→ **Exercise requirements**
Write out, word for word, every line in the data below from the one containing "(sigma t_lambda)(tau t_mu)" to the one containing "n = \<lparr>", both of them included.

# # # # #

(* For each natural number $n\ge2$, $[S_n\ltimes\mathbb{T}^n,S_n\ltimes\mathbb{T}^n]=[S_n,S_n]\ltimes\mathbb{T}^n_1$, where $\mathbb{T}^n_1=\{t_{(\lambda_1,\dots,\lambda_n)}\in\mathbb{T}^n\mid\prod_{i=1}^n\lambda_i=1\}$.
   Context: $K$ is a field of characteristic zero. $\mathbb{T}^n=\{t_\lambda\mid\lambda=(\lambda_1,\dots,\lambda_n)\in(K^* )^n\}$ is the torus of automorphisms $t_\lambda:x_i\mapsto\lambda_ix_i,\ y_i\mapsto\lambda_i^{-1}y_i$ of the algebra $\mathbb{S}_n$ (generated by $x_i,y_i$ with $y_ix_i=1$ and $x_i,y_i$ commuting with $x_j,y_j$ for $i\ne j$), and $S_n$ is the symmetric group acting by automorphisms $x_i\mapsto x_{\sigma(i)},y_i\mapsto y_{\sigma(i)}$; in the group $S_n\ltimes\mathbb{T}^n$ they generate, $S_n$ acts on $\mathbb{T}^n$ by permuting the coordinates of $\lambda$. *)

theory Defs
  imports "HOL-Algebra.Sym_Groups" "HOL-Algebra.Solvable_Groups"
begin

text \<open>Torus T^n: tuples lambda = (lambda_1,...,lambda_n) in (K^*)^n, represented as functions
  nat => K, nonzero on {1..n} and normalised to 1 outside {1..n}.\<close>
definition torus :: "nat \<Rightarrow> (nat \<Rightarrow> 'k::field) set" where
  "torus n = {l. (\<forall>i\<in>{1..n}. l i \<noteq> 0) \<and> (\<forall>i. i \<notin> {1..n} \<longrightarrow> l i = 1)}"

definition torus1 :: "nat \<Rightarrow> (nat \<Rightarrow> 'k::field) set" where
  "torus1 n = {l \<in> torus n. (\<Prod>i\<in>{1..n}. l i) = 1}"

text \<open>The pair (sigma, lambda) stands for the automorphism sigma \<circ> t_lambda
  of the algebra; since sigma t_lambda sigma^-1 = t_(lambda \<circ> sigma^-1) one gets
  (sigma t_lambda)(tau t_mu) = (sigma tau) t_(lambda\<circ>tau * mu).\<close>
definition SnT :: "nat \<Rightarrow> ((nat \<Rightarrow> nat) \<times> (nat \<Rightarrow> 'k::field)) monoid" where
  "SnT n = \<lparr> carrier = {(s, l). s permutes {1..n} \<and> l \<in> torus n},
            mult = (\<lambda>(s, l) (t, m). (s \<circ> t, \<lambda>i. l (t i) * m i)),
            one = (id, \<lambda>_. 1) \<rparr>"

end

theory Submission
  imports Defs
begin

# # # # #

→ **Solved problem**
  (sigma t_lambda)(tau t_mu) = (sigma tau) t_(lambda\<circ>tau * mu).\<close>
definition SnT :: "nat \<Rightarrow> ((nat \<Rightarrow> nat) \<times> (nat \<Rightarrow> 'k::field)) monoid" where
  "SnT n = \<lparr> carrier = {(s, l). s permutes {1..n} \<and> l \<in> torus n},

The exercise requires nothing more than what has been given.